lemma has_sum_states_snoc_reindex:
  "(f has_sum x) (states I K E - {([], [])}) \<longleftrightarrow>
   ((\<lambda>(s, i, k). f (fst s @ [i], snd s @ [k])) has_sum x) (Sigma (states I K E) (extensions I K E))"
proof (rule has_sum_reindex_bij_witness[where i = "\<lambda>(c, d). ((butlast c, butlast d), last c, last d)"
      and j = "\<lambda>(s, i, k). (fst s @ [i], snd s @ [k])", symmetric])
  fix s assume s: "s \<in> states I K E - {([], [])}"
  obtain c d where cd: "s = (c, d)" by (cases s)
  with s have "c \<noteq> []" and "d \<noteq> []" unfolding states_def by auto
  with cd show "(\<lambda>(s, i, k). (fst s @ [i], snd s @ [k])) ((\<lambda>(c, d). ((butlast c, butlast d), last c, last d)) s) = s"
    by simp
  show "(\<lambda>(c, d). ((butlast c, butlast d), last c, last d)) s \<in> Sigma (states I K E) (extensions I K E)"
    using s \<open>c \<noteq> []\<close> \<open>d \<noteq> []\<close> snoc_in_states_iff[of "butlast c" "last c" "butlast d" "last d" I K E]
    unfolding cd by simp
qed (auto simp: snoc_in_states_iff)

lemma weight_snoc:
  assumes "length c = length d"
  shows "weight I K E lam mu (c @ [i], d @ [k]) = weight I K E lam mu (c, d) *
     (lam i / sum mu (Kof E K (insert i (set c))) * (mu k / sum lam (Iof E I (insert k (set d)))))"
proof -
  have "(\<Prod>p<length c. lam ((c @ [i]) ! p) / sum mu (Kof E K (set (take (Suc p) (c @ [i]))))
                   * (mu ((d @ [k]) ! p) / sum lam (Iof E I (set (take (Suc p) (d @ [k]))))))
     = (\<Prod>p<length c. lam (c ! p) / sum mu (Kof E K (set (take (Suc p) c)))
                   * (mu (d ! p) / sum lam (Iof E I (set (take (Suc p) d)))))"
    by (rule prod.cong) (auto simp: nth_append assms)
  then show ?thesis
    unfolding weight_def using assms by (simp add: nth_append)
qed

lemma weight_nonneg:
  fixes lam :: "'i \<Rightarrow> real" and mu :: "'k \<Rightarrow> real"
  assumes "\<forall>i\<in>I. lam i \<ge> 0" and "\<forall>k\<in>K. mu k \<ge> 0" and "s \<in> states I K E"
  shows "weight I K E lam mu s \<ge> 0"
proof -
  obtain c d where s: "s = (c, d)" by (cases s)
  with assms(3) have cI: "set c \<subseteq> I" and dK: "set d \<subseteq> K" and "length c = length d"
    unfolding states_def by auto
  then have "lam (c ! q) \<ge> 0" "mu (d ! q) \<ge> 0" if "q < length c" for q
    using assms(1,2) that by (metis cI nth_mem subsetD, metis dK nth_mem subsetD)
  moreover have "sum mu (Kof E K X) \<ge> 0" "sum lam (Iof E I Y) \<ge> 0" for X Y
    using assms(1,2) by (auto simp: Kof_def Iof_def intro: sum_nonneg)
  ultimately show ?thesis
    unfolding s weight_def by (auto intro!: prod_nonneg mult_nonneg_nonneg divide_nonneg_nonneg)
qed

lemma shrink_prob_bounds:
  fixes lam :: "'i \<Rightarrow> real" and mu :: "'k \<Rightarrow> real"
  assumes "finite I" and "finite K" and "\<forall>i\<in>I. lam i \<ge> 0" and "\<forall>k\<in>K. mu k \<ge> 0"
  shows "0 \<le> shrink_prob I K E lam mu s" and "shrink_prob I K E lam mu s \<le> sum lam I * sum mu K"
proof -
  have "0 \<le> sum lam (Iof E I B)" "sum lam (Iof E I B) \<le> sum lam I" for B
    using assms by (auto simp: Iof_def intro: sum_nonneg sum_mono2)
  moreover have "0 \<le> sum mu (Kof E K A)" "sum mu (Kof E K A) \<le> sum mu K" for A
    using assms by (auto simp: Kof_def intro: sum_nonneg sum_mono2)
  ultimately show "0 \<le> shrink_prob I K E lam mu s" "shrink_prob I K E lam mu s \<le> sum lam I * sum mu K"
    unfolding shrink_prob_def by (auto intro: mult_mono' mult_nonneg_nonneg)
qed

lemma weight_shrink_prob_snoc:
  fixes lam :: "'i \<Rightarrow> real" and mu :: "'k \<Rightarrow> real"
  assumes "finite I" and "finite K" and "\<forall>i\<in>I. lam i > 0" and "\<forall>k\<in>K. mu k > 0"
    and "\<forall>i\<in>I. \<exists>k\<in>K. E i k" and "\<forall>k\<in>K. \<exists>i\<in>I. E i k"
    and "(c @ [i], d @ [k]) \<in> states I K E"
  shows "weight I K E lam mu (c @ [i], d @ [k]) * shrink_prob I K E lam mu (c @ [i], d @ [k])
       = weight I K E lam mu (c, d) * (lam i * mu k)"
proof -
  from assms(7) have "length c = length d" and "insert i (set c) \<subseteq> I" and "insert k (set d) \<subseteq> K"
    unfolding states_def by auto
  moreover from this have "sum mu (Kof E K (insert i (set c))) > 0" and "sum lam (Iof E I (insert k (set d))) > 0"
    using assms(1-6) by (auto intro: sum_Kof_pos sum_Iof_pos)
  ultimately show ?thesis
    unfolding shrink_prob_def by (simp add: weight_snoc)
qed

lemma infsum_weight_shrink_prob_eq_grow_prob:
  fixes lam :: "'i \<Rightarrow> real" and mu :: "'k \<Rightarrow> real"
  assumes "finite I" and "finite K" and "\<forall>i\<in>I. lam i > 0" and "\<forall>k\<in>K. mu k > 0"
    and "\<forall>i\<in>I. \<exists>k\<in>K. E i k" and "\<forall>k\<in>K. \<exists>i\<in>I. E i k"
    and "weight I K E lam mu summable_on states I K E"
  shows "infsum (\<lambda>s. weight I K E lam mu s * shrink_prob I K E lam mu s) (states I K E)
       = infsum (\<lambda>s. weight I K E lam mu s * grow_prob I K E lam mu s) (states I K E)"
    (is "infsum ?f ?St = _")
proof -
  let ?w = "weight I K E lam mu"
  have nonneg: "\<forall>i\<in>I. lam i \<ge> 0" "\<forall>k\<in>K. mu k \<ge> 0"
    using assms(3,4) by auto
  have "?f summable_on ?St"
  proof (rule summable_on_comparison_test)
    show "(\<lambda>s. ?w s * (sum lam I * sum mu K)) summable_on ?St"
      using assms(7) by (rule summable_on_cmult_left)
  qed (use shrink_prob_bounds[OF assms(1,2) nonneg] weight_nonneg[OF nonneg] in \<open>auto intro: mult_left_mono\<close>)
  then have "(?f has_sum infsum ?f ?St) (?St - {([], [])})"
    by (rule has_sum_infsum[THEN has_sum_cong_neutral[THEN iffD1, rotated -1]])
      (auto simp: shrink_prob_def Iof_def)
  then have Sigma_sum: "((\<lambda>(s, i, k). ?w s * (lam i * mu k)) has_sum infsum ?f ?St) (Sigma ?St (extensions I K E))"
    unfolding has_sum_states_snoc_reindex
    by (rule has_sum_cong[THEN iffD1, rotated])
      (auto simp: weight_shrink_prob_snoc[OF assms(1-6)] snoc_in_states_iff)
  have "infsum ?f ?St = infsum (\<lambda>(s, i, k). ?w s * (lam i * mu k)) (Sigma ?St (extensions I K E))"
    using Sigma_sum by (rule infsumI[symmetric])
  also have "\<dots> = infsum (\<lambda>s. infsum (\<lambda>(i, k). ?w s * (lam i * mu k)) (extensions I K E s)) ?St"
    using infsum_Sigma'_banach[of "\<lambda>s (i, k). ?w s * (lam i * mu k)" ?St "extensions I K E"]
      has_sum_imp_summable[OF Sigma_sum] by (simp add: case_prod_unfold)
  also have "\<dots> = infsum (\<lambda>s. ?w s * grow_prob I K E lam mu s) ?St"
  proof (rule infsum_cong)
    fix s
    have "finite (extensions I K E s)"
      using assms(1,2) by (auto simp: extensions_def intro: finite_subset[of _ "I \<times> K"])
    then show "infsum (\<lambda>(i, k). ?w s * (lam i * mu k)) (extensions I K E s) = ?w s * grow_prob I K E lam mu s"
      by (simp add: grow_prob_def sum_distrib_left case_prod_unfold)
  qed
  finally show ?thesis .
qed

lemma summable_on_pi_state: "pi_state I K E lam mu summable_on states I K E"
proof (cases "weight I K E lam mu summable_on states I K E")
  case True
  then show ?thesis
    unfolding pi_state_def divide_inverse by (rule summable_on_cmult_left)
next
  case False
  then show ?thesis
    unfolding pi_state_def infsum_not_exists[OF False] by simp
qed

lemma infsum_pi_state_mult:
  "infsum (\<lambda>s. pi_state I K E lam mu s * f s) (states I K E)
     = infsum (\<lambda>s. weight I K E lam mu s * f s) (states I K E) / infsum (weight I K E lam mu) (states I K E)"
  unfolding pi_state_def divide_inverse
  by (subst infsum_cmult_left'[symmetric]) (simp add: ac_simps)

lemma infsum_pi_state_shrink_prob_eq_grow_prob:
  fixes lam :: "'i \<Rightarrow> real" and mu :: "'k \<Rightarrow> real"
  assumes "finite I" and "finite K" and "\<forall>i\<in>I. lam i > 0" and "\<forall>k\<in>K. mu k > 0"
    and "\<forall>i\<in>I. \<exists>k\<in>K. E i k" and "\<forall>k\<in>K. \<exists>i\<in>I. E i k"
  shows "infsum (\<lambda>s. pi_state I K E lam mu s * shrink_prob I K E lam mu s) (states I K E)
       = infsum (\<lambda>s. pi_state I K E lam mu s * grow_prob I K E lam mu s) (states I K E)"
proof (cases "weight I K E lam mu summable_on states I K E")
  case True
  then show ?thesis
    by (simp add: infsum_pi_state_mult infsum_weight_shrink_prob_eq_grow_prob[OF assms])
next
  case False
  then show ?thesis
    by (simp add: infsum_pi_state_mult infsum_not_exists)
qed

lemma finite_indepJ0:
  assumes "finite I" and "finite K"
  shows "finite (indepJ0 I K E)"
proof -
  have "indepJ0 I K E \<subseteq> Pow I \<times> Pow K"
    unfolding indepJ0_def indepJ_def by auto
  then show ?thesis
    by (rule finite_subset) (use assms in simp)
qed

lemma states_support_in_indepJ0:
  assumes "s \<in> states I K E"
  shows "(set (fst s), set (snd s)) \<in> indepJ0 I K E"
  using assms unfolding states_def indepJ0_def indepJ_def by (cases s) auto

lemma states_support_in_indepJ_iff:
  assumes "s \<in> states I K E"
  shows "(set (fst s), set (snd s)) \<in> indepJ I K E \<longleftrightarrow> fst s \<noteq> []"
  using assms unfolding states_def indepJ_def by (cases s) auto

lemma sum_pi_set_eq_infsum:
  assumes "finite \<A>"
  shows "(\<Sum>A\<in>\<A>. pi_set I K E lam mu A)
       = infsum (pi_state I K E lam mu) {s \<in> states I K E. (set (fst s), set (snd s)) \<in> \<A>}"
proof -
  have "(\<Union>A\<in>\<A>. {s \<in> states I K E. set (fst s) = fst A \<and> set (snd s) = snd A})
      = {s \<in> states I K E. (set (fst s), set (snd s)) \<in> \<A>}"
    by auto
  moreover have "(\<Sum>A\<in>\<A>. pi_set I K E lam mu A)
      = infsum (pi_state I K E lam mu) (\<Union>A\<in>\<A>. {s \<in> states I K E. set (fst s) = fst A \<and> set (snd s) = snd A})"
    unfolding pi_set_def using assms
    by (rule sum_infsum) (auto intro: summable_on_subset_banach[OF summable_on_pi_state])
  ultimately show ?thesis by simp
qed

lemma sum_pairs_pi_set_eq_infsum:
  assumes "finite P" and "\<And>i k. (i, k) \<in> P \<Longrightarrow> finite (\<A> i k)"
    and "\<And>i k s. (i, k) \<in> P \<Longrightarrow> s \<in> states I K E \<Longrightarrow> (set (fst s), set (snd s)) \<in> \<A> i k \<longleftrightarrow> Q i k s"
  shows "(\<Sum>(i, k)\<in>P. lam i * mu k * (\<Sum>A\<in>\<A> i k. pi_set I K E lam mu A))
       = infsum (\<lambda>s. pi_state I K E lam mu s * (\<Sum>(i, k)\<in>{(i, k) \<in> P. Q i k s}. lam i * mu k)) (states I K E)"
proof -
  have "(\<Sum>(i, k)\<in>P. lam i * mu k * (\<Sum>A\<in>\<A> i k. pi_set I K E lam mu A))
      = (\<Sum>x\<in>P. lam (fst x) * mu (snd x) * infsum (pi_state I K E lam mu) {s \<in> states I K E. Q (fst x) (snd x) s})"
  proof (rule sum.cong[OF refl], clarify)
    fix i k assume ik: "(i, k) \<in> P"
    then have "{s \<in> states I K E. (set (fst s), set (snd s)) \<in> \<A> i k} = {s \<in> states I K E. Q i k s}"
      using assms(3) by blast
    then show "lam i * mu k * (\<Sum>A\<in>\<A> i k. pi_set I K E lam mu A)
        = lam (fst (i, k)) * mu (snd (i, k)) * infsum (pi_state I K E lam mu) {s \<in> states I K E. Q (fst (i, k)) (snd (i, k)) s}"
      using assms(2)[OF ik] by (simp add: sum_pi_set_eq_infsum)
  qed
  also have "\<dots> = infsum (\<lambda>s. pi_state I K E lam mu s * (\<Sum>x\<in>{x \<in> P. Q (fst x) (snd x) s}. lam (fst x) * mu (snd x))) (states I K E)"
    by (rule sum_mult_infsum_filter[OF summable_on_pi_state assms(1)])
  finally show ?thesis by (simp add: case_prod_unfold)
qed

Exercise prompt: Exactly reproduce the lines that run from the line with "by (rule sum_mult_infsum_filter[OF" through the last line of the records, inclusive.

The completed task:
    by (rule sum_mult_infsum_filter[OF summable_on_pi_state assms(1)])
  finally show ?thesis by (simp add: case_prod_unfold)
qed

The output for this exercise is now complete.